## About this task
Among the entries that follow, the required portion opens with the line containing "using assms(1,4) by" and closes with the line containing "using assms(2-5) gam_pos[of". Give that portion again exactly, and nothing else.
[Opening Data shown section]
lemma finite_Lambda:
  assumes "bounded X"
  shows "finite (Lambda X)"
proof -
  obtain M where M: "\<And>z. z \<in> X \<Longrightarrow> norm z \<le> M"
    using assms by (auto simp: bounded_iff)
  have "Lambda X \<subseteq> {-\<lceil>M\<rceil>..\<lceil>M\<rceil>} \<times> {-\<lceil>M\<rceil>..\<lceil>M\<rceil>}"
  proof (rule subrelI)
    fix a b assume "(a, b) \<in> Lambda X"
    then have "norm (real_of_int a, real_of_int b) \<le> M"
      by (auto simp: Lambda_def intro: M)
    then have "\<bar>real_of_int a\<bar> \<le> M" "\<bar>real_of_int b\<bar> \<le> M"
      using norm_fst_le[of "real_of_int a" "real_of_int b"]
        norm_snd_le[of "real_of_int b" "real_of_int a"] by auto
    moreover have "M \<le> real_of_int \<lceil>M\<rceil>"
      by (rule le_of_int_ceiling)
    ultimately have "\<bar>a\<bar> \<le> \<lceil>M\<rceil>" "\<bar>b\<bar> \<le> \<lceil>M\<rceil>"
      by linarith+
    then show "(a, b) \<in> {-\<lceil>M\<rceil>..\<lceil>M\<rceil>} \<times> {-\<lceil>M\<rceil>..\<lceil>M\<rceil>}"
      by auto
  qed
  then show ?thesis
    by (rule finite_subset) simp
qed

lemma regions_subset_cbox:
  "R0 n \<union> Rreg n \<union> Lreg n \<subseteq> cbox (- 2 * real n, - 2 * real n) (2 * real n, 2 * real n)"
proof
  fix z assume z: "z \<in> R0 n \<union> Rreg n \<union> Lreg n"
  obtain x y where xy: "z = (x, y)" by fastforce
  have "0 \<le> x + y \<and> x + y \<le> 2 * real n \<and> x - y \<le> real n \<and> y - x \<le> real n"
    using z unfolding xy R0_def Rreg_def Lreg_def abs_le_iff by (auto intro: order_trans[rotated])
  then show "z \<in> cbox (- 2 * real n, - 2 * real n) (2 * real n, 2 * real n)"
    unfolding xy cbox_Pair_eq by auto
qed

lemma finite_Lambda_regions:
  "finite (Lambda (R0 n))" "finite (Lambda (Rreg n \<union> Lreg n))"
  using regions_subset_cbox[of n]
  by (auto intro!: finite_Lambda bounded_subset[OF bounded_cbox])

definition lattice_triangle :: "nat \<Rightarrow> (nat \<times> nat) set" where
  "lattice_triangle m = {(p, q). p + q \<le> m}"

definition half_lattice_triangle :: "nat \<Rightarrow> (nat \<times> nat) set" where
  "half_lattice_triangle m = {(p, q). 2 * p + q \<le> m}"

lemma finite_lattice_triangle: "finite (lattice_triangle m)"
  by (rule finite_subset[of _ "{..m} \<times> {..m}"]) (auto simp: lattice_triangle_def)

lemma finite_half_lattice_triangle: "finite (half_lattice_triangle m)"
  by (rule finite_subset[of _ "{..m} \<times> {..m}"]) (auto simp: half_lattice_triangle_def)

lemma lattice_triangle_mono: "k \<le> m \<Longrightarrow> lattice_triangle k \<subseteq> lattice_triangle m"
  unfolding lattice_triangle_def by auto

lemma card_lattice_triangle: "2 * card (lattice_triangle m) = (m + 1) * (m + 2)"
proof (induction m)
  case 0
  have "lattice_triangle 0 = {(0, 0)}"
    unfolding lattice_triangle_def by auto
  then show ?case by simp
next
  case (Suc m)
  let ?diagonal = "(\<lambda>p. (p, Suc m - p)) ` {..Suc m}"
  have "lattice_triangle (Suc m) = lattice_triangle m \<union> ?diagonal"
    unfolding lattice_triangle_def by (auto simp: image_iff)
  moreover have "lattice_triangle m \<inter> ?diagonal = {}"
    unfolding lattice_triangle_def by auto
  moreover have "card ?diagonal = Suc m + 1"
    by (subst card_image) (auto simp: inj_on_def)
  ultimately have "card (lattice_triangle (Suc m)) = card (lattice_triangle m) + (Suc m + 1)"
    using finite_lattice_triangle by (simp add: card_Un_disjoint)
  then show ?case
    using Suc.IH by simp
qed

lemma card_lattice_triangle_diff:
  assumes "k \<le> m"
  shows "2 * card (lattice_triangle m - lattice_triangle k) = (m + 1) * (m + 2) - (k + 1) * (k + 2)"
  using card_lattice_triangle[of m] card_lattice_triangle[of k] lattice_triangle_mono[OF assms]
    finite_lattice_triangle by (simp add: card_Diff_subset diff_mult_distrib2)

text \<open>The maps \<open>(p, q) \<mapsto> (p, p + q)\<close> and \<open>(p, q) \<mapsto> (p + q + 1, p)\<close> embed two copies
  of the half triangle into the disjoint parts \<open>x \<le> y\<close> and \<open>x > y\<close> of \<open>lattice_triangle (m + 1)\<close>.\<close>
lemma card_half_lattice_triangle_le: "4 * card (half_lattice_triangle m) \<le> (m + 2) * (m + 3)"
proof -
  define f :: "nat \<times> nat \<Rightarrow> nat \<times> nat" where "f = (\<lambda>(p, q). (p, p + q))"
  define g :: "nat \<times> nat \<Rightarrow> nat \<times> nat" where "g = (\<lambda>(p, q). (p + q + 1, p))"
  let ?H = "half_lattice_triangle m"
  have "inj_on f ?H" "inj_on g ?H"
    unfolding f_def g_def by (auto simp: inj_on_def)
  moreover have "f ` ?H \<inter> g ` ?H = {}"
    unfolding f_def g_def by auto
  ultimately have "card (f ` ?H \<union> g ` ?H) = 2 * card ?H"
    using finite_half_lattice_triangle by (simp add: card_Un_disjoint card_image)
  moreover have "f ` ?H \<union> g ` ?H \<subseteq> lattice_triangle (m + 1)"
    unfolding f_def g_def half_lattice_triangle_def lattice_triangle_def by auto
  ultimately have "2 * card ?H \<le> card (lattice_triangle (m + 1))"
    by (metis card_mono finite_lattice_triangle)
  then have "4 * card ?H \<le> 2 * card (lattice_triangle (m + 1))"
    by linarith
  also have "\<dots> = (m + 2) * (m + 3)"
    by (simp only: card_lattice_triangle) (simp add: algebra_simps)
  finally show ?thesis .
qed

lemma embeds_half_lattice_triangle_size:
  assumes inj: "inj_on f A" and into: "f ` A \<subseteq> half_lattice_triangle (nat \<lfloor>r\<rfloor>)" and "0 \<le> r"
  shows "finite A" "4 * real (card A) \<le> (r + 2) * (r + 3)"
proof -
  let ?m = "nat \<lfloor>r\<rfloor>"
  show "finite A"
    using inj into finite_half_lattice_triangle by (rule inj_on_finite)
  have "card A \<le> card (half_lattice_triangle ?m)"
    using inj into finite_half_lattice_triangle by (rule card_inj_on_le)
  then have "4 * real (card A) \<le> real ((?m + 2) * (?m + 3))"
    using card_half_lattice_triangle_le[of ?m] by linarith
  also have "\<dots> = (real ?m + 2) * (real ?m + 3)"
    by (simp add: algebra_simps)
  also have "\<dots> \<le> (r + 2) * (r + 3)"
    using \<open>0 \<le> r\<close> by (intro mult_mono) auto
  finally show "4 * real (card A) \<le> (r + 2) * (r + 3)" .
qed
text \<open>At \<open>\<beta> = 1\<close> the cone degenerates to the whole diagonal, so the form must vanish there.\<close>
lemma linear_form_nonneg_if_ratio_bounded:
  assumes "cone_nonneg \<beta> x y" "1 \<le> \<beta>" "\<beta> = 1 \<longrightarrow> x + y \<le> 0"
    and "ratio_bounded \<beta> (p0, p1)"
  shows "0 \<le> x * p0 + y * p1"
proof (cases "\<beta> = 1")
  case True
  then have "p0 = p1" "x + y = 0"
    using assms by (auto simp: cone_nonneg_def ratio_bounded_def)
  then show ?thesis
    by (simp add: distrib_right[symmetric])
next
  case False
  then have "1 < \<beta>\<^sup>2"
    using assms(2) by (simp add: one_less_power)
  have "(\<beta>\<^sup>2 - 1) * (x * p0 + y * p1) = (\<beta> * p0 - p1) * (x * \<beta> + y) + (\<beta> * p1 - p0) * (x + y * \<beta>)"
    by (simp add: power2_eq_square algebra_simps)
  also have "\<dots> \<ge> 0"
    using assms(1,4) by (simp add: cone_nonneg_def ratio_bounded_def)
  finally show ?thesis
    using \<open>1 < \<beta>\<^sup>2\<close> by (simp add: zero_le_mult_iff)
qed

lemma gam_pos: "gam a b > 0"
  by (simp add: gam_def)

lemma KK_pos: "a + b > 1 \<Longrightarrow> KK a b > 0"
  using gam_pos[of a b] by (simp add: KK_def)

lemma cone_nonneg_if_L123:
  fixes a b \<beta> :: real
  defines "g \<equiv> gam a b"
  assumes "0 \<le> a" "a \<le> 1" "b \<le> 1" "a + b > 1" "1 \<le> \<beta>"
    and "\<beta> \<in> L1 a b \<union> L2 a b \<union> L3 a b"
  shows "cone_nonneg \<beta> (\<beta> * b * g - a) ((1 - a) * g - \<beta> * (1 - b))"
proof -
  consider (L1) "\<beta> \<in> L1 a b" | (L23) "\<beta> \<in> L2 a b \<or> \<beta> \<in> L3 a b"
    using assms(7) by blast
  then show ?thesis
  proof cases
    case L1
    have "1 - b > 0"
    proof (rule ccontr)
      assume "\<not> 1 - b > 0"
      then have "b = 1" using assms(4) by simp
      then show False using L1 assms(6) by (auto simp: L1_def)
    qed
    have "(1 - b) * \<beta>\<^sup>2 - g * ((1 - a) + b) * \<beta> + a \<le> 0"
      by (rule quadratic_nonpos_between_roots[where D = "D1 a b"])
        (use L1 \<open>1 - b > 0\<close> in \<open>auto simp: L1_def D1_def g_def power_mult_distrib mult_ac\<close>)
    moreover have "(1 - a) / (1 - b) * g \<le> \<beta>"
      using L1 by (auto simp: L1_def g_def)
    ultimately show ?thesis
      using \<open>1 - b > 0\<close> assms(6)
      by (intro cone_nonneg_if_nonpos) (auto simp: pos_divide_le_eq power2_eq_square algebra_simps)
  next
    case L23
    have "b * g > 0"
      using assms(2-5) gam_pos[of a b] by (simp add: g_def)
    have "D2 a b \<ge> 0" and roots: "\<beta> \<le> ((a + (1 - b)) - sqrt (D2 a b)) / (2 * (b * g))
        \<or> ((a + (1 - b)) + sqrt (D2 a b)) / (2 * (b * g)) \<le> \<beta>"
      using L23 unfolding L2_def L3_def g_def mult.assoc by auto
    moreover have "D2 a b = (a + (1 - b))\<^sup>2 - 4 * (b * g) * ((1 - a) * g)"
      by (simp add: D2_def g_def power2_eq_square)
    ultimately have "(b * g) * \<beta>\<^sup>2 - (a + (1 - b)) * \<beta> + (1 - a) * g \<ge> 0"
      using \<open>b * g > 0\<close> by (intro quadratic_nonneg_outside_roots) auto
    moreover have "\<beta> * (1 - b) \<le> (1 - a) * g"
    proof (cases "b = 1")
      case True
      then show ?thesis using assms(3) gam_pos[of a b] by (simp add: g_def)
    next
      case False
      then have "1 - b > 0" "\<beta> \<le> (1 - a) / (1 - b) * g"
        using assms(4) L23 by (auto simp: L2_def L3_def g_def)
      then show ?thesis by (simp add: pos_le_divide_eq algebra_simps)
    qed
    ultimately show ?thesis
      using assms(6)
      by (intro cone_nonneg_if_nonneg) (auto simp: power2_eq_square algebra_simps)
  qed
qed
[Closing Data shown section]
## Exercise answer
    using assms(1,4) by (simp add: cone_nonneg_def ratio_bounded_def)
  finally show ?thesis
    using \<open>1 < \<beta>\<^sup>2\<close> by (simp add: zero_le_mult_iff)
qed

lemma gam_pos: "gam a b > 0"
  by (simp add: gam_def)

lemma KK_pos: "a + b > 1 \<Longrightarrow> KK a b > 0"
  using gam_pos[of a b] by (simp add: KK_def)

lemma cone_nonneg_if_L123:
  fixes a b \<beta> :: real
  defines "g \<equiv> gam a b"
  assumes "0 \<le> a" "a \<le> 1" "b \<le> 1" "a + b > 1" "1 \<le> \<beta>"
    and "\<beta> \<in> L1 a b \<union> L2 a b \<union> L3 a b"
  shows "cone_nonneg \<beta> (\<beta> * b * g - a) ((1 - a) * g - \<beta> * (1 - b))"
proof -
  consider (L1) "\<beta> \<in> L1 a b" | (L23) "\<beta> \<in> L2 a b \<or> \<beta> \<in> L3 a b"
    using assms(7) by blast
  then show ?thesis
  proof cases
    case L1
    have "1 - b > 0"
    proof (rule ccontr)
      assume "\<not> 1 - b > 0"
      then have "b = 1" using assms(4) by simp
      then show False using L1 assms(6) by (auto simp: L1_def)
    qed
    have "(1 - b) * \<beta>\<^sup>2 - g * ((1 - a) + b) * \<beta> + a \<le> 0"
      by (rule quadratic_nonpos_between_roots[where D = "D1 a b"])
        (use L1 \<open>1 - b > 0\<close> in \<open>auto simp: L1_def D1_def g_def power_mult_distrib mult_ac\<close>)
    moreover have "(1 - a) / (1 - b) * g \<le> \<beta>"
      using L1 by (auto simp: L1_def g_def)
    ultimately show ?thesis
      using \<open>1 - b > 0\<close> assms(6)
      by (intro cone_nonneg_if_nonpos) (auto simp: pos_divide_le_eq power2_eq_square algebra_simps)
  next
    case L23
    have "b * g > 0"
      using assms(2-5) gam_pos[of a b] by (simp add: g_def)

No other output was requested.